Ces dernières années, les grandes entreprises ont davantage bénéficié des aides financières de l’État, au dépend des PME et TPE. A telle point qu’aujourd’hui, les micro-entreprises et les PME paient 20% d’impôts de plus que les grandes entreprises[1]. Ce sont pourtant les PME et TPE qui créent le plus d’emplois en France. Soumises pour beaucoup aux grands groupes donneurs d’ordres, ces TPE-PME ont également été asphyxiées par des taux d’emprunt élevés depuis plus de 20 ans : en France, le taux d’intérêt réel de l’emprunt (inflation comprise) était proche de 0 en moyenne entre 1945 et 1984, il est depuis 20 ans proche des 6%[2] ! Ceci ne peut plus durer. 

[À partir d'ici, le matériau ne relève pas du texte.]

definition Vpi :: "('s::finite \<Rightarrow> 'a::finite \<Rightarrow> 's \<Rightarrow> real) \<Rightarrow> ('s \<Rightarrow> 'a \<Rightarrow> real) \<Rightarrow> real \<Rightarrow> ('s \<Rightarrow> 'a \<Rightarrow> real) \<Rightarrow> 's \<Rightarrow> real" where
  "Vpi P r g \<pi> s0 = (\<Sum>n. g ^ n * (\<Sum>s\<in>UNIV. \<Sum>a\<in>UNIV. state_dist P \<pi> s0 n s * \<pi> s a * r s a))"

text \<open>Optimal value function (supremum over stationary policies; for finite MDPs this
  coincides with the supremum over all history-dependent policies)\<close>
definition Vstar :: "('s::finite \<Rightarrow> 'a::finite \<Rightarrow> 's \<Rightarrow> real) \<Rightarrow> ('s \<Rightarrow> 'a \<Rightarrow> real) \<Rightarrow> real \<Rightarrow> 's \<Rightarrow> real" where
  "Vstar P r g s0 = (SUP \<pi>\<in>{\<pi>. stationary_policy \<pi>}. Vpi P r g \<pi> s0)"

end

theory Submission
  imports Defs
begin

text \<open>Write \<open>D = U - U'\<close>, so \<open>0 \<le> D \<le> \<theta>\<close>. At a single pair \<open>(s, a)\<close> the variance of \<open>D\<close> under
  \<open>P\<^sub>s\<^sub>,\<^sub>a\<close> is at most \<open>(P\<^sub>s\<^sub>,\<^sub>a D\<^sup>2 - D(s)\<^sup>2) + 2\<theta> (U(s) - r(s,a) - \<gamma> P\<^sub>s\<^sub>,\<^sub>a U)\<close>: if \<open>D(s) \<le> P\<^sub>s\<^sub>,\<^sub>a D\<close> this
  is trivial, otherwise \<open>D(s)\<^sup>2 - (P\<^sub>s\<^sub>,\<^sub>a D)\<^sup>2 \<le> 2\<theta> (D(s) - \<gamma> P\<^sub>s\<^sub>,\<^sub>a D)\<close> and the Bellman inequality for
  \<open>U'\<close> bounds the last factor by the Bellman residual of \<open>U\<close>. Integrating against the discounted
  occupancy measure, both terms telescope along the trajectory by the flow identity
  \<open>\<Sum> d(s,a) (f(s) - \<gamma> P\<^sub>s\<^sub>,\<^sub>a f) = f(s\<^sub>0)\<close>: the first, written as \<open>(1 - \<gamma>) P\<^sub>s\<^sub>,\<^sub>a D\<^sup>2 - (D\<^sup>2(s) - \<gamma> P\<^sub>s\<^sub>,\<^sub>a D\<^sup>2)\<close>,
  contributes at most \<open>\<theta>\<^sup>2\<close>, the second
  \<open>2\<theta> (U(s\<^sub>0) - V\<^sup>\<pi>(s\<^sub>0)) \<le> 2\<theta> (\<theta> + V\<^sup>*(s\<^sub>0) - V\<^sup>\<pi>(s\<^sub>0))\<close>.\<close>

lemma is_distr_le_one:
  assumes "is_distr p"
  shows "p x \<le> 1"
proof -
  have "p x \<le> (\<Sum>y\<in>UNIV. p y)"
    using assms by (intro member_le_sum) (auto simp: is_distr_def)
  then show ?thesis
    using assms by (simp add: is_distr_def)
qed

  • Une mesure dont le coût global est faible et supportable

A partir des données brutes de l’INSEE sur le nombre de travailleurs à temps plein et à temps partiel payés au SMIC, nous parvenons à une estimation du coût direct de la hausse du SMIC de 20% proche des 6 milliards d’euros. Dans la mesure où les entreprises de moins de 50 salariés regroupent 60% des salariés payés sur la base du SMIC[3], le coût pour ces entreprises sera de 3 .6 milliards d’euros. Compte tenu des effets de diffusion sur les bas salaires, on peut s’attendre à un coût total autour de 10 milliards d’euros (soit 6 milliards pour les PME de moins de 50 salariés), ce qui correspond d’ailleurs aux ordres de grandeurs de 2007 lorsque le SMIC à 1500 euros avait été proposé (équivalent à l’époque à une hausse de 15%). Ce coût est facilement supportable pour trois raisons :

1. Dans les entreprises de plus de 50 salariés (qui regroupent 60% des salariés)

  • Entre 8 et 14% des salariés sont au SMIC (8% seulement pour les entreprises de plus de 500 salariés)
  • Ainsi, le coût relatif de la hausse du SMIC pour les grandes entreprises ne représente pas une somme importante. Elles pourront donc aisément s’en acquitter.
  • Par ailleurs, environ 5% seulement des emplois industriels, donc délocalisables, sont au SMIC. Notre mesure ne devrait donc pas provoquer de délocalisations 

2. Dans les entreprises de moins de 50 salariés (40% des salariés)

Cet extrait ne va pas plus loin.